▶ **EXERCISE REQUIREMENTS**
Below is a block of entries; repeat exactly the lines starting at the line that contains "1 \<Longrightarrow> lcs" and ending at the line that contains "that by simp", both included.
----
lemma comm_in_layer_ordered:
  assumes "basic r m u" "basic r m v" "(v, u) \<in> r"
  shows "comm_in_layer u v"
proof -
  have "comm_in_layer u v"
    if "basic r m u" "basic r m v" "(v, u) \<in> r" "wt u + wt v = W" "above W v = k" for W k u v
    using that
  proof (induction W arbitrary: k u v rule: less_induct)
    case outer: (less W)
    from outer.prems show ?case
    proof (induction k arbitrary: u v rule: less_induct)
      case inner: (less k)
      show ?case
      proof (rule comm_in_layer_step[OF inner.prems(1-3)])
        fix u' v' assume "basic r m u'" "basic r m v'" "(v', u') \<in> r" "wt u' + wt v' < wt u + wt v"
        then show "comm_in_layer u' v'"
          using outer.IH[of "wt u' + wt v'" u' v'] inner.prems(4) by simp
      next
        fix u' v' assume u'v': "basic r m u'" "basic r m v'" "(v', u') \<in> r"
          and weight: "wt u' + wt v' = wt u + wt v" and "(v, v') \<in> r"
        then have "above W v' < k" using above_less wt_pos[of u'] inner.prems(4,5) by fastforce
        then show "comm_in_layer u' v'"
          using inner.IH[of "above W v'" u' v'] u'v' weight inner.prems(4) by simp
      qed
    qed
  qed
  then show ?thesis using assms by blast
qed

lemma comm_in_layer_basic:
  assumes "basic r m u" "basic r m v"
  shows "comm_in_layer u v"
proof -
  consider "u = v" | "(v, u) \<in> r" | "(u, v) \<in> r" using r_total by blast
  then show ?thesis
  proof cases
    case 1
    then show ?thesis unfolding comm_in_layer_def
      using comm_self[OF fe_carrier[OF assms(1)]] subgroup.one_closed[OF layer_subgroup] by simp
  next
    case 2
    then show ?thesis using comm_in_layer_ordered assms by blast
  next
    case 3
    then show ?thesis using comm_in_layer_ordered comm_in_layer_swap assms by blast
  qed
qed

text \<open>\<open>\<gamma>\<^sub>w \<subseteq> \<Lambda>\<^sub>w\<close>, i.e.\ modulo \<open>\<gamma>\<^sub>w\<^sub>+\<^sub>1\<close> the group \<open>\<gamma>\<^sub>w\<close> is generated by the basic commutators
  of weight \<open>w\<close>: by induction on \<open>w\<close>, expanding \<open>[\<gamma>\<^sub>w, G]\<close> on generators on both sides.\<close>
lemma lcs_layer: "w \<ge> 1 \<Longrightarrow> lcs G w \<subseteq> layer w"
proof (induction w rule: nat_induct_at_least)
  case base
  have "x i \<in> layer 1" if "i < m" for i
    using basic_values_layer[of "Gen i"] that by simp
  then have "generate G (x ` {..<m}) \<subseteq> layer 1"
    by (intro generate_subgroup_incl[OF _ layer_subgroup]) auto
  then show ?case using generated by simp
next
  case (Suc w)
  show ?case unfolding lcs_Suc[OF Suc.hyps]
  proof (rule comm_subgroup_least[OF layer_subgroup])
    fix g h assume g: "g \<in> lcs G w" and h: "h \<in> carrier G"
    have "grp_comm G s h \<in> layer (w + 1)" if s: "s \<in> basic_values w" for s
    proof -
      obtain t where t: "basic r m t" "wt t = w" "s = fe t"
        using s unfolding basic_values_def by blast
      have "grp_comm G s y \<in> layer (w + 1)" if "y \<in> x ` {..<m}" for y
        using that comm_in_layer_basic[OF t(1), of "Gen i" for i] t unfolding comm_in_layer_def by auto
      moreover have "h \<in> generate G (x ` {..<m})" using h generated by simp
      ultimately show ?thesis
        using comm_generate_right_normal[OF layer_normal gens_carrier fe_carrier[OF t(1)]] t(3) by blast
    qed
    moreover have "h \<in> lcs G 1" "g \<in> layer w" using h g Suc.IH by auto
    ultimately have "grp_comm G g h \<in> layer (w + 1)"
      using comm_layer_left[of 1 h g w] by blast
    then show "grp_comm G g h \<in> layer (Suc w)" by simp
  qed
qed

lemma lcs_generated_by_basic:
  assumes "a \<ge> 1" "a \<le> j"
  shows "lcs G a \<subseteq> generate G (fe ` {t. basic r m t \<and> a \<le> wt t \<and> wt t < j} \<union> lcs G j)"
  using assms(2)
proof (induction j rule: nat_induct_at_least)
  case base
  then show ?case by (blast intro: generate.incl)
next
  case (Suc j)
  let ?T = "fe ` {t. basic r m t \<and> a \<le> wt t \<and> wt t < j}"
  let ?S = "fe ` {t. basic r m t \<and> a \<le> wt t \<and> wt t < Suc j} \<union> lcs G (Suc j)"
  have S_carrier: "?S \<subseteq> carrier G" using fe_carrier lcs_carrier by blast
  have "basic_values j \<union> lcs G (Suc j) \<subseteq> ?S"
    unfolding basic_values_def using Suc.hyps by auto
  then have "layer j \<subseteq> generate G ?S"
    unfolding layer_def by (rule mono_generate)
  then have "lcs G j \<subseteq> generate G ?S"
    using lcs_layer[of j] Suc.hyps assms(1) by auto
  moreover have "?T \<subseteq> generate G ?S"
    by (auto intro!: generate.incl)
  ultimately have "generate G (?T \<union> lcs G j) \<subseteq> generate G ?S"
    by (intro generate_subgroup_incl[OF _ generate_is_subgroup[OF S_carrier]]) auto
  then show ?case using Suc.IH by blast
qed

end

section \<open>Commutator subgroups modulo \<open>[K, A]\<close>\<close>

context group
begin

lemma set_mult_normal_subgroup:
  assumes H: "subgroup H G" and N: "N \<lhd> G"
  shows "subgroup (H <#> N) G" "H \<subseteq> H <#> N" "N \<subseteq> H <#> N"
proof -
  show "subgroup (H <#> N) G"
    using mult_norm_subgroup[OF N H] commut_normal[OF H N] by simp
  have "h = h \<otimes> \<one>" if "h \<in> H" for h using that subgroup.mem_carrier[OF H] by simp
  then show "H \<subseteq> H <#> N"
    unfolding set_mult_def using normal_imp_subgroup[OF N] subgroup.one_closed by blast
  have "k = \<one> \<otimes> k" if "k \<in> N" for k using that subgroup.mem_carrier[OF normal_imp_subgroup[OF N]] by simp
  then show "N \<subseteq> H <#> N"
    unfolding set_mult_def using subgroup.one_closed[OF H] by blast
qed

lemma comm_subgroup_le_by_generators:
  assumes M: "subgroup M G" and A: "subgroup A G"
    and gen: "A \<subseteq> generate G (S \<union> K)" and SA: "S \<subseteq> A" and KA: "K \<subseteq> A"
    and conj: "\<And>c a. c \<in> A \<Longrightarrow> a \<in> M \<Longrightarrow> inv c \<otimes> a \<otimes> c \<in> M"
    and comm_SS: "\<And>s s'. s \<in> S \<Longrightarrow> s' \<in> S \<Longrightarrow> grp_comm G s s' \<in> M"
    and comm_KA: "\<And>k a. k \<in> K \<Longrightarrow> a \<in> A \<Longrightarrow> grp_comm G k a \<in> M"
  shows "comm_subgroup G A A \<subseteq> M"
proof (rule comm_subgroup_least[OF M])
  have SK: "S \<union> K \<subseteq> A" using SA KA by blast
  have A_carrier: "A \<subseteq> carrier G" using subgroup.subset[OF A] .
  fix g h assume g: "g \<in> A" and h: "h \<in> A"
  have "grp_comm G s h \<in> M" if s: "s \<in> S \<union> K" for s
  proof (cases "s \<in> K")
    case True
    then show ?thesis using comm_KA h by blast
  next
    case False
    then have s_S: "s \<in> S" using s by blast
    have s_carrier: "s \<in> carrier G" using s_S SA A_carrier by blast
    have "grp_comm G s s' \<in> M" if s': "s' \<in> S \<union> K" for s'
    proof (cases "s' \<in> K")
      case True
      then have "grp_comm G s' s \<in> M" "s' \<in> carrier G"
        using comm_KA s_S SA KA A_carrier by blast+
      then show ?thesis using comm_swap_mem[OF M] s_carrier by blast
    next
      case False
      then show ?thesis using comm_SS s_S s' by blast
    qed
    moreover have "h \<in> generate G (S \<union> K)" using h gen by blast
    ultimately show ?thesis using comm_generate_right[OF M A SK s_carrier conj] by blast
  qed
  moreover have "g \<in> generate G (S \<union> K)" "h \<in> carrier G" using g h gen A_carrier by blast+
  ultimately show "grp_comm G g h \<in> M" using comm_generate_left[OF M A SK _ conj] by blast
qed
----
▶ **EXPECTED ANSWER**
lemma lcs_layer: "w \<ge> 1 \<Longrightarrow> lcs G w \<subseteq> layer w"
proof (induction w rule: nat_induct_at_least)
  case base
  have "x i \<in> layer 1" if "i < m" for i
    using basic_values_layer[of "Gen i"] that by simp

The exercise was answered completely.